The process involves two keys submodels. The first, aims to identify the location and scale of K potential clusters. The second, aims to identify which cluster is most likely to have generated a given data point.

\begin{aligned} \begin{pmatrix} Y_{i,1} \\ \vdots \\ Y_{i,D} \end{pmatrix} &\sim \text{MVN}\!\left( \begin{pmatrix} \mu_{z_i,1} \\ \vdots \\ \mu_{z_i,D} \end{pmatrix}, \, \Sigma_{z_i} \right) \\ \\ \begin{pmatrix} \mu_{k,1} \\ \vdots \\ \mu_{k,D} \end{pmatrix} &\sim \text{MVN}\!\left( \begin{pmatrix} A_{1} \\ \vdots \\ A_{D} \end{pmatrix}, \, B \right) \\ \\ \Sigma_k &= \text{Diag}(\sigma_k) \Omega_k \text{Diag}(\sigma_k) \\ \\ \sigma_{[k,d]} &\sim \text{HalfCauchy}(1) \\ \\ \Omega_k &\sim \text{LKJ}(2) \\ \\ z_{i} &\sim \text{Categorical}(\pi) \\ \\ \pi_{i}(\beta_{1:K}) &= \beta_i \prod_{j<K} (1-\beta_j) \\ \\ \beta_k &\sim \text{Beta}(1, \alpha) \\ \\ \alpha &\sim \text{Gamma}(1, 10) \\ \end{aligned}

Where :

  • \begin{pmatrix} Y_{[i,1]} \\ \vdots \\ Y_{[i,D]} \end{pmatrix} is the i-th observation of a D-dimensional data array.

  • \begin{pmatrix}\mu_{[k,1]} \\ \vdots \\ \mu_{[k,D]}\end{pmatrix} is the k-th parameter vector of dimension D.

  • \begin{pmatrix} A_{1} \\ \vdots \\ A_{D} \end{pmatrix} is a prior for the mean vector as derived from mean of the raw data.

  • B is the prior covariance of the cluster means, and is setup as a diagonal matrix with 0.1 along the diagonal.

  • \Sigma_k is the DxD covariance matrix of the k-th cluster (it is composed from \sigma_k and \Omega_k).

  • \text{Diag}(\sigma_k) is a diagonal matrix whose diagonal entries are the standard deviations: \text{Diag}(\sigma_k) = \begin{pmatrix} \sigma_{[k,1]} & 0 & \cdots & 0 \\ 0 & \sigma_{[k,2]} & & \vdots \\ \vdots & & \ddots & 0 \\ 0 & \cdots & 0 & \sigma_{[k,D]} \end{pmatrix}.

  • \sigma_{k} is a D-vector of standard deviations for the k-th cluster where each element, d, has a half-cauchy prior.

  • \Omega_k is a correlation matrix for the k-th cluster.

  • z_i is a latent variable that maps observation i to cluster k.

  • \pi is a vector of K cluster weights, some of which may be close to zero if the predicted number of clusters is less than the maximum number of clusters.

  • \beta_k: The set of K Beta-distributed random variables used in the stick-breaking process to construct the mixture weights.

  • \alpha: The concentration parameter, controlling the effective number of clusters.

Notes

Note
  • The primary advantage of the DPMM is the automatic inference of the number of clusters.
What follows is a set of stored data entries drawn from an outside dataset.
(* Let $q=p^r$ be odd and $n\ge 1$. Let: - $g\in\mathbb{F}_q[x_1,\dots,x_n]$ be a polynomial of total degree $n(q-1)/2$; - $f\in\mathbb{F}_q[y]$ be a permutation polynomial of degree $q-2$; - $a\in\mathbb{F}_q$ be a non-square. Then $$h(x_1,\dots,x_n,y)=\bigl(g(x_1,\dots,x_n)^2-a\bigr)f(y)$$ is a permutation polynomial in $\mathbb{F}_q[x_1,\dots,x_n,y]$.
   Context: $\mathbb{F}_q$ is the finite field with $q=p^r$ elements. A polynomial in $m$ variables over $\mathbb{F}_q$ is a permutation polynomial (PP) if, for every $c\in\mathbb{F}_q$, the equation $h=c$ has exactly $q^{m-1}$ solutions in $\mathbb{F}_q^m$. A univariate PP is a polynomial inducing a bijection of $\mathbb{F}_q$. *)

theory Defs
  imports "HOL-Library.Poly_Mapping" "HOL-Library.FuncSet"
    "HOL-Computational_Algebra.Polynomial"
begin

text \<open>Multivariate polynomials over a ring 'a in variables x_0, x_1, ...:
  finitely supported maps from monomials (exponent vectors nat =>0 nat) to coefficients.\<close>
type_synonym 'a mpoly = "(nat \<Rightarrow>\<^sub>0 nat) \<Rightarrow>\<^sub>0 'a"

definition mpoly_eval :: "'a::comm_semiring_1 mpoly \<Rightarrow> (nat \<Rightarrow> 'a) \<Rightarrow> 'a" where
  "mpoly_eval p x =
     (\<Sum>m\<in>Poly_Mapping.keys p. Poly_Mapping.lookup p m *
        (\<Prod>i\<in>Poly_Mapping.keys m. x i ^ Poly_Mapping.lookup m i))"

definition total_degree :: "'a::zero mpoly \<Rightarrow> nat" where
  "total_degree p = Max (insert 0
     ((\<lambda>m. \<Sum>i\<in>Poly_Mapping.keys m. Poly_Mapping.lookup m i) ` Poly_Mapping.keys p))"

definition mpoly_in_vars :: "nat \<Rightarrow> 'a::zero mpoly \<Rightarrow> bool" where
  "mpoly_in_vars n p \<longleftrightarrow> (\<forall>m\<in>Poly_Mapping.keys p. Poly_Mapping.keys m \<subseteq> {..<n})"

definition mpoly_const :: "'a::zero \<Rightarrow> 'a mpoly" where
  "mpoly_const c = Poly_Mapping.single 0 c"

definition poly_in_var :: "nat \<Rightarrow> 'a::comm_semiring_1 poly \<Rightarrow> 'a mpoly" where
  "poly_in_var k f = (\<Sum>i\<le>degree f. Poly_Mapping.single (Poly_Mapping.single k i) (coeff f i))"

text \<open>Permutation polynomial in m variables x_0..x_(m-1) over finite field 'a:
  each value c is attained at exactly q^(m-1) points of F_q^m.\<close>
definition is_mpp :: "nat \<Rightarrow> 'a::{finite,field} mpoly \<Rightarrow> bool" where
  "is_mpp m h \<longleftrightarrow> (\<forall>c::'a.
     card {x \<in> PiE {..<m} (\<lambda>_. UNIV). mpoly_eval h x = c} = card (UNIV::'a set) ^ (m - 1))"

definition is_pp :: "'a::{finite,field} poly \<Rightarrow> bool" where
  "is_pp f \<longleftrightarrow> bij (poly f)"

end

theory Submission imports Defs begin

text \<open>On every point of \<open>\<bbbF>\<^sub>q\<^sup>n\<^sup>+\<^sup>1\<close> the factor \<open>g\<^sup>2 - a\<close> is nonzero, since \<open>a\<close> is a non-square, and it
  does not depend on \<open>y\<close>. Hence for each fixed \<open>(x\<^sub>1, \<dots>, x\<^sub>n)\<close> the map \<open>y \<mapsto> h(x, y)\<close> is a
  nonzero multiple of the bijection \<open>f\<close>, so every value \<open>c\<close> is taken for exactly one \<open>y\<close>,
  and the fibre \<open>h = c\<close> is the graph of a function of \<open>(x\<^sub>1, \<dots>, x\<^sub>n)\<close>, with \<open>q\<^sup>n\<close> points.\<close>

definition monomial_eval :: "(nat \<Rightarrow>\<^sub>0 nat) \<Rightarrow> (nat \<Rightarrow> 'a::comm_semiring_1) \<Rightarrow> 'a" where
  "monomial_eval m x = (\<Prod>i\<in>Poly_Mapping.keys m. x i ^ Poly_Mapping.lookup m i)"

lemma monomial_eval_superset:
  assumes "finite S" "Poly_Mapping.keys m \<subseteq> S"
  shows "monomial_eval m x = (\<Prod>i\<in>S. x i ^ Poly_Mapping.lookup m i)"
  unfolding monomial_eval_def
  by (rule prod.mono_neutral_left) (use assms in \<open>auto simp: in_keys_iff\<close>)

lemma monomial_eval_add: "monomial_eval (m1 + m2) x = monomial_eval m1 x * monomial_eval m2 x"
proof -
  let ?S = "Poly_Mapping.keys m1 \<union> Poly_Mapping.keys m2"
  have "monomial_eval (m1 + m2) x = (\<Prod>i\<in>?S. x i ^ Poly_Mapping.lookup (m1 + m2) i)"
    by (rule monomial_eval_superset) (auto simp: keys_add)
  also have "\<dots> = (\<Prod>i\<in>?S. x i ^ Poly_Mapping.lookup m1 i) * (\<Prod>i\<in>?S. x i ^ Poly_Mapping.lookup m2 i)"
    by (simp add: lookup_add power_add prod.distrib)
  also have "\<dots> = monomial_eval m1 x * monomial_eval m2 x"
    using monomial_eval_superset[of ?S m1 x] monomial_eval_superset[of ?S m2 x] by simp
  finally show ?thesis .
qed

lemma mpoly_eval_superset:
  assumes "finite S" "Poly_Mapping.keys p \<subseteq> S"
  shows "mpoly_eval p x = (\<Sum>m\<in>S. Poly_Mapping.lookup p m * monomial_eval m x)"
  unfolding mpoly_eval_def monomial_eval_def[symmetric]
  by (rule sum.mono_neutral_left) (use assms in \<open>auto simp: in_keys_iff\<close>)

lemma mpoly_eval_add: "mpoly_eval (p + q) x = mpoly_eval p x + mpoly_eval q x"
proof -
  let ?S = "Poly_Mapping.keys p \<union> Poly_Mapping.keys q"
  have "mpoly_eval (p + q) x = (\<Sum>m\<in>?S. Poly_Mapping.lookup (p + q) m * monomial_eval m x)"
    by (rule mpoly_eval_superset) (auto simp: keys_add)
  also have "\<dots> = (\<Sum>m\<in>?S. Poly_Mapping.lookup p m * monomial_eval m x)
                + (\<Sum>m\<in>?S. Poly_Mapping.lookup q m * monomial_eval m x)"
    by (simp add: lookup_add distrib_right sum.distrib)
  also have "\<dots> = mpoly_eval p x + mpoly_eval q x"
    using mpoly_eval_superset[of ?S p x] mpoly_eval_superset[of ?S q x] by simp
  finally show ?thesis .
qed

lemma mpoly_eval_zero [simp]: "mpoly_eval 0 x = 0"
  by (simp add: mpoly_eval_def)

lemma mpoly_eval_sum: "mpoly_eval (sum p A) x = (\<Sum>a\<in>A. mpoly_eval (p a) x)"
  by (induction A rule: infinite_finite_induct) (auto simp: mpoly_eval_add)

lemma mpoly_eval_single: "mpoly_eval (Poly_Mapping.single m c) x = c * monomial_eval m x"
  by (simp add: mpoly_eval_def monomial_eval_def)

lemma mpoly_eval_diff:
  fixes x :: "nat \<Rightarrow> 'a::comm_ring_1"
  shows "mpoly_eval (p - q) x = mpoly_eval p x - mpoly_eval q x"
  using mpoly_eval_add[of "p - q" q x] by (simp add: eq_diff_eq)

lemma mpoly_as_sum_single:
  "p = (\<Sum>m\<in>Poly_Mapping.keys p. Poly_Mapping.single m (Poly_Mapping.lookup p m))"
  by (rule poly_mapping_eqI) (auto simp: lookup_sum lookup_single when_def in_keys_iff)

lemma mpoly_eval_mult: "mpoly_eval (p * q) x = mpoly_eval p x * mpoly_eval q x"
proof -
  let ?P = "Poly_Mapping.keys p" and ?Q = "Poly_Mapping.keys q"
  have "p * q = (\<Sum>k\<in>?P. Poly_Mapping.single k (Poly_Mapping.lookup p k)) *
                (\<Sum>l\<in>?Q. Poly_Mapping.single l (Poly_Mapping.lookup q l))"
    by (subst (1 2) mpoly_as_sum_single) (rule refl)
  also have "\<dots> = (\<Sum>k\<in>?P. \<Sum>l\<in>?Q.
      Poly_Mapping.single (k + l) (Poly_Mapping.lookup p k * Poly_Mapping.lookup q l))"
    by (simp add: sum_product mult_single)
  finally have "mpoly_eval (p * q) x = (\<Sum>k\<in>?P. \<Sum>l\<in>?Q.
      Poly_Mapping.lookup p k * Poly_Mapping.lookup q l * monomial_eval (k + l) x)"
    by (simp add: mpoly_eval_sum mpoly_eval_single)
  also have "\<dots> = (\<Sum>k\<in>?P. Poly_Mapping.lookup p k * monomial_eval k x) *
                  (\<Sum>l\<in>?Q. Poly_Mapping.lookup q l * monomial_eval l x)"
    by (simp add: sum_product monomial_eval_add mult_ac)
  finally show ?thesis
    by (simp add: mpoly_eval_def monomial_eval_def)
qed

lemma mpoly_eval_const [simp]: "mpoly_eval (mpoly_const c) x = c"
  by (simp add: mpoly_const_def mpoly_eval_single monomial_eval_def)

lemma mpoly_eval_poly_in_var [simp]: "mpoly_eval (poly_in_var k f) x = poly f (x k)"
proof -
  have "mpoly_eval (poly_in_var k f) x = (\<Sum>i\<le>degree f. coeff f i * x k ^ i)"
    unfolding poly_in_var_def mpoly_eval_sum mpoly_eval_single
    by (intro sum.cong refl) (auto simp: monomial_eval_def)
  then show ?thesis
    by (simp add: poly_altdef)
qed

lemma mpoly_eval_cong_in_vars:
  assumes "mpoly_in_vars n p" "\<And>i. i < n \<Longrightarrow> x i = y i"
  shows "mpoly_eval p x = mpoly_eval p y"
  using assms unfolding mpoly_eval_def mpoly_in_vars_def
  by (intro sum.cong refl arg_cong2[where f = "(*)"] prod.cong) (metis lessThan_iff subsetD)

lemma card_PiE_graph:
  fixes \<phi> :: "(nat \<Rightarrow> 'a::finite) \<Rightarrow> 'a"
  assumes \<phi>_cong: "\<And>x y. (\<And>i. i < n \<Longrightarrow> x i = y i) \<Longrightarrow> \<phi> x = \<phi> y"
  shows "card {x \<in> PiE {..<Suc n} (\<lambda>_. UNIV). x n = \<phi> x} = card (UNIV :: 'a set) ^ n"
proof -
  let ?S = "{x \<in> PiE {..<Suc n} (\<lambda>_. UNIV). x n = \<phi> x}"
  have "bij_betw (\<lambda>x. restrict x {..<n}) ?S (PiE {..<n} (\<lambda>_. UNIV))"
  proof (rule bij_betw_byWitness[where f' = "\<lambda>x. x(n := \<phi> x)"])
    show "\<forall>x\<in>?S. (restrict x {..<n})(n := \<phi> (restrict x {..<n})) = x"
    proof
      fix x assume "x \<in> ?S"
      moreover have "\<phi> (restrict x {..<n}) = \<phi> x"
        by (rule \<phi>_cong) simp
      ultimately show "(restrict x {..<n})(n := \<phi> (restrict x {..<n})) = x"
        by (auto simp: PiE_def extensional_def fun_eq_iff)
    qed
    show "(\<lambda>x. x(n := \<phi> x)) ` PiE {..<n} (\<lambda>_. UNIV) \<subseteq> ?S"
    proof (rule image_subsetI)
      fix x :: "nat \<Rightarrow> 'a" assume "x \<in> PiE {..<n} (\<lambda>_. UNIV)"
      moreover have "\<phi> (x(n := \<phi> x)) = \<phi> x"
        by (rule \<phi>_cong) simp
      ultimately show "x(n := \<phi> x) \<in> ?S"
        by (auto simp: PiE_def extensional_def)
    qed
  qed (auto simp: PiE_def extensional_def fun_eq_iff)
  then show ?thesis
    by (simp add: bij_betw_same_card card_PiE)
qed

lemma card_fibre_mult_bij:
  fixes u :: "(nat \<Rightarrow> 'a::{finite,field}) \<Rightarrow> 'a" and v :: "'a \<Rightarrow> 'a"
  assumes u_cong: "\<And>x y. (\<And>i. i < n \<Longrightarrow> x i = y i) \<Longrightarrow> u x = u y"
    and u_nonzero: "\<And>x. u x \<noteq> 0"
    and "bij v"
  shows "card {x \<in> PiE {..<Suc n} (\<lambda>_. UNIV). u x * v (x n) = c} = card (UNIV :: 'a set) ^ n"
proof -
  define \<phi> where "\<phi> x = inv v (c / u x)" for x
  have "u x * v y = c \<longleftrightarrow> y = \<phi> x" for x y
  proof -
    have "u x * v y = c \<longleftrightarrow> v y = c / u x"
      using u_nonzero[of x] by (auto simp: field_simps)
    also have "\<dots> \<longleftrightarrow> y = \<phi> x"
      unfolding \<phi>_def using \<open>bij v\<close> by (metis bij_inv_eq_iff)
    finally show ?thesis .
  qed
  moreover have "card {x \<in> PiE {..<Suc n} (\<lambda>_. UNIV). x n = \<phi> x} = card (UNIV :: 'a set) ^ n"
    unfolding \<phi>_def by (rule card_PiE_graph) (metis u_cong)
  ultimately show ?thesis
    by simp
qed

lemma square_minus_nonsquare_nonzero:
  fixes a b :: "'a::comm_ring_1"
  assumes "\<not> (\<exists>b. b ^ 2 = a)"
  shows "b * b - a \<noteq> 0"
  using assms by (metis eq_iff_diff_eq_0 power2_eq_square)

theorem mainTheorem6:
  fixes g :: "'a::{finite,field} mpoly" and f :: "'a poly" and a :: 'a and n :: nat
  assumes "odd (card (UNIV::'a set))"
    and "n \<ge> 1"
    and "mpoly_in_vars n g"
    and "total_degree g = n * (card (UNIV::'a set) - 1) div 2"
    and "is_pp f"
    and "degree f = card (UNIV::'a set) - 2"
    and "\<not> (\<exists>b::'a. b ^ 2 = a)"
  shows "is_mpp (n + 1) ((g * g - mpoly_const a) * poly_in_var n f)"
proof -
  define u where "u x = mpoly_eval g x * mpoly_eval g x - a" for x
  have eval_h: "mpoly_eval ((g * g - mpoly_const a) * poly_in_var n f) x = u x * poly f (x n)" for x
    by (simp add: mpoly_eval_mult mpoly_eval_diff u_def)
  have "card {x \<in> PiE {..<Suc n} (\<lambda>_. UNIV). u x * poly f (x n) = c} = card (UNIV :: 'a set) ^ n" for c
  proof (rule card_fibre_mult_bij)
    show "u x = u y" if "\<And>i. i < n \<Longrightarrow> x i = y i" for x y
      unfolding u_def using mpoly_eval_cong_in_vars[OF assms(3) that] by simp
    show "u x \<noteq> 0" for x
      unfolding u_def using assms(7) by (rule square_minus_nonsquare_nonzero)
    show "bij (poly f)"
      using assms(5) by (simp add: is_pp_def)
  qed
  then show ?thesis
    by (simp add: is_mpp_def eval_h)
qed

end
The posterior distribution of the weights w reveals which components are β€œactive”, giving a probabilistic estimate of K.
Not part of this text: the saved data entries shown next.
(* Let $c_1=2$, let $c_2\ge4$ be a real number, let $c_3\in(0,1)$, and let $c_4=8H$ where $H\ge2$. Define $g_1(m)=-c_3m+c_1\sqrt{m}\ln(c_2m)+c_4\ln(m)$. Then for all real $m\ge2$, $$g_1(m)\le\frac{132c_1c_4}{c_3}\left[\ln\!\left(\frac{10\sqrt{c_2c_4}}{c_3}\right)\right]^2.$$ *)

theory Defs
  imports Complex_Main
begin

end

theory Submission
  imports Defs
begin

text \<open>Split \<open>c\<^sub>3 m\<close> into two halves. The tangent-line bound
  \<open>ln x \<le> ln t + x / t - 1\<close> turns \<open>2 \<surd>m ln (c\<^sub>2 m)\<close> into a concave quadratic in \<open>\<surd>m\<close>,
  which the first half absorbs up to \<open>16 (ln (16 \<surd>c\<^sub>2 / c\<^sub>3))\<^sup>2 / c\<^sub>3\<close>; the second half absorbs
  \<open>c\<^sub>4 ln m\<close> up to \<open>c\<^sub>4 ln (2 c\<^sub>4 / c\<^sub>3)\<close> by the same tangent bound at \<open>t = 2 c\<^sub>4 / c\<^sub>3\<close>. Both logarithms
  are at most \<open>2 L\<close> with \<open>L = ln (10 \<surd>(c\<^sub>2 c\<^sub>4) / c\<^sub>3) \<ge> 1\<close>, so the whole expression
  is at most \<open>3 c\<^sub>4 L\<^sup>2 / c\<^sub>3\<close>, far below the claimed bound.\<close>

lemma ln_le_tangent:
  fixes x t :: real
  assumes "0 < x" and "0 < t"
  shows "ln x \<le> ln t + x / t - 1"
  using ln_le_minus_one[of "x / t"] assms by (simp add: ln_div)

lemma linear_minus_square_le:
  fixes a b x :: real
  assumes "0 < a"
  shows "b * x - a * x\<^sup>2 \<le> b\<^sup>2 / (4 * a)"
proof -
  have "0 \<le> (b - 2 * a * x)\<^sup>2" by simp
  then have "4 * a * (b * x - a * x\<^sup>2) \<le> b\<^sup>2"
    by (simp add: algebra_simps power2_eq_square)
  then show ?thesis
    using assms by (simp add: field_simps)
qed

lemma log_minus_linear_le:
  fixes a c x :: real
  assumes "0 < a" and "0 < c" and "0 < x"
  shows "c * ln x - a * x \<le> c * (ln (c / a) - 1)"
proof -
  have "ln x \<le> ln (c / a) + x / (c / a) - 1"
    using ln_le_tangent[of x "c / a"] assms by simp
  then have "c * ln x \<le> c * (ln (c / a) + x / (c / a) - 1)"
    using assms(2) by (simp add: mult_left_mono)
  also have "\<dots> = c * (ln (c / a) - 1) + a * x"
    using assms by (simp add: field_simps)
  finally show ?thesis by simp
qed

lemma sqrt_log_minus_linear_le:
  fixes a b m :: real
  assumes "0 < a" and "0 < b" and "0 < m"
  shows "2 * sqrt m * ln (b * m) - a * m / 2 \<le> 16 * (ln (16 * sqrt b / a))\<^sup>2 / a"
proof -
  define s where "s = sqrt m"
  define l where "l = ln (16 * sqrt b / a)"
  have s: "0 < s" "s\<^sup>2 = m"
    using assms(3) by (simp_all add: s_def)
  have ks: "0 < sqrt b * s"
    using assms(2) s by simp
  have "b * m = (sqrt b * s)\<^sup>2"
    using assms(2) s by (simp add: power_mult_distrib)
  moreover have "ln (sqrt b * s) \<le> l + a * s / 16 - 1"
    using ln_le_tangent[OF ks, of "16 * sqrt b / a"] assms unfolding l_def by (simp add: mult.commute)
  ultimately have "ln (b * m) \<le> 2 * l + a * s / 8"
    using ks by (simp add: ln_realpow)
  then have "2 * s * ln (b * m) \<le> 2 * s * (2 * l + a * s / 8)"
    using s by (simp add: mult_left_mono)
  then have "2 * s * ln (b * m) - a * m / 2 \<le> (4 * l) * s - (a / 4) * s\<^sup>2"
    using s by (simp add: algebra_simps power2_eq_square)
  also have "\<dots> \<le> (4 * l)\<^sup>2 / (4 * (a / 4))"
    using assms(1) by (intro linear_minus_square_le) simp
  finally show ?thesis
    by (simp add: s_def l_def power_mult_distrib)
qed

lemma ln_constants_bounds:
  fixes a b c :: real
  assumes "0 < a" and "a < 1" and "4 \<le> b" and "16 \<le> c"
  defines "R \<equiv> 10 * sqrt (b * c) / a"
  shows "0 \<le> ln (16 * sqrt b / a)" and "ln (16 * sqrt b / a) \<le> ln R"
    and "ln (2 * c / a) \<le> 2 * ln R" and "1 \<le> ln R"
proof -
  have sqrt_b: "2 \<le> sqrt b" and sqrt_c: "4 \<le> sqrt c"
    using real_sqrt_le_mono[of 4 b] real_sqrt_le_mono[of 16 c] assms by simp_all
  have R: "R = 10 * sqrt b * sqrt c / a"
    by (simp add: R_def real_sqrt_mult)
  show "0 \<le> ln (16 * sqrt b / a)"
    using sqrt_b assms(1,2) by (simp add: field_simps)
  have "16 * sqrt b \<le> 10 * sqrt b * sqrt c"
    using mult_left_mono[OF sqrt_c, of "10 * sqrt b"] sqrt_b by linarith
  then have "16 * sqrt b / a \<le> R"
    using assms(1) by (simp add: R divide_right_mono)
  moreover have "0 < 16 * sqrt b / a"
    using assms(1,3) by (simp add: field_simps)
  ultimately show "ln (16 * sqrt b / a) \<le> ln R"
    by (rule ln_mono)
  have "80 \<le> 10 * sqrt b * sqrt c"
    using mult_mono[OF sqrt_b sqrt_c] assms(3) by simp
  then have R_ge: "80 \<le> R"
    using assms(1,2) by (simp add: R field_simps)
  then show "1 \<le> ln R"
    using exp_le ln_ge_iff[of R 1] by simp
  have "2 * c * a \<le> 100 * b * c"
    using assms mult_left_mono[of a 1 c] mult_right_mono[of 4 b c] by simp
  then have "2 * c / a \<le> R\<^sup>2"
    using assms(1) by (simp add: R_def power_divide power_mult_distrib field_simps power2_eq_square)
  then have "ln (2 * c / a) \<le> ln (R\<^sup>2)"
    using assms(1,4) by (intro ln_mono) simp_all
  then show "ln (2 * c / a) \<le> 2 * ln R"
    using R_ge by (simp add: ln_realpow)
qed

theorem lemma1:
  fixes c1 c2 c3 c4 H m :: real
  assumes "c1 = 2" and "c2 \<ge> 4" and "0 < c3" and "c3 < 1"
    and "H \<ge> 2" and "c4 = 8 * H" and "m \<ge> 2"
  shows "- c3 * m + c1 * sqrt m * ln (c2 * m) + c4 * ln m
         \<le> 132 * c1 * c4 / c3 * (ln (10 * sqrt (c2 * c4) / c3)) ^ 2"
proof -
  define L where "L = ln (10 * sqrt (c2 * c4) / c3)"
  have c4: "16 \<le> c4"
    using assms(5,6) by simp
  note bounds = ln_constants_bounds[OF assms(3,4,2) c4, folded L_def]
  have "2 * sqrt m * ln (c2 * m) - c3 * m / 2 \<le> 16 * (ln (16 * sqrt c2 / c3))\<^sup>2 / c3"
    using sqrt_log_minus_linear_le assms(2,3,7) by simp
  also have "\<dots> \<le> c4 * L\<^sup>2 / c3"
    using bounds(1,2) c4 assms(3) by (intro divide_right_mono mult_mono power_mono) simp_all
  finally have first: "2 * sqrt m * ln (c2 * m) - c3 * m / 2 \<le> c4 * L\<^sup>2 / c3" .
  have L_le: "L \<le> L\<^sup>2 / c3"
    using bounds(4) assms(3,4) mult_right_mono[of c3 L L] by (simp add: field_simps power2_eq_square)
  have "c4 * ln m - c3 / 2 * m \<le> c4 * (ln (c4 / (c3 / 2)) - 1)"
    using log_minus_linear_le[of "c3 / 2" c4 m] assms(3,7) c4 by simp
  also have "\<dots> \<le> c4 * (2 * (L\<^sup>2 / c3))"
    using bounds(3) L_le c4 by (intro mult_left_mono) (simp_all add: ac_simps)
  finally have second: "c4 * ln m - c3 * m / 2 \<le> 2 * (c4 * L\<^sup>2 / c3)" by simp
  have "0 \<le> c4 * L\<^sup>2 / c3"
    using c4 assms(3) by simp
  moreover have "132 * 2 * c4 / c3 * L\<^sup>2 = 264 * (c4 * L\<^sup>2 / c3)"
    by simp
  ultimately show ?thesis
    unfolding assms(1) L_def[symmetric] using first second by linarith
qed

end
  • Prior \alpha strongly influence the predicted number of clusters. Below are examples of this relationship:

Impact of Gamma Prior Hyperparameters on Cluster Counts
Shape Rate Behavior
1 15 Forces very few clusters
5 1 Encourages many small clusters
10 2 Same mean, less variance
2 0.5 Moderately many clusters
15 1 Explosive prior cluster count

Reference(s)

https://en.wikipedia.org/wiki/Dirichlet_process https://pyro.ai/examples/dirichlet_process_mixture.html

References

Gershman, Samuel J, and David M Blei. 2012. β€œA Tutorial on Bayesian Nonparametric Models.” Journal of Mathematical Psychology 56 (1): 1–12.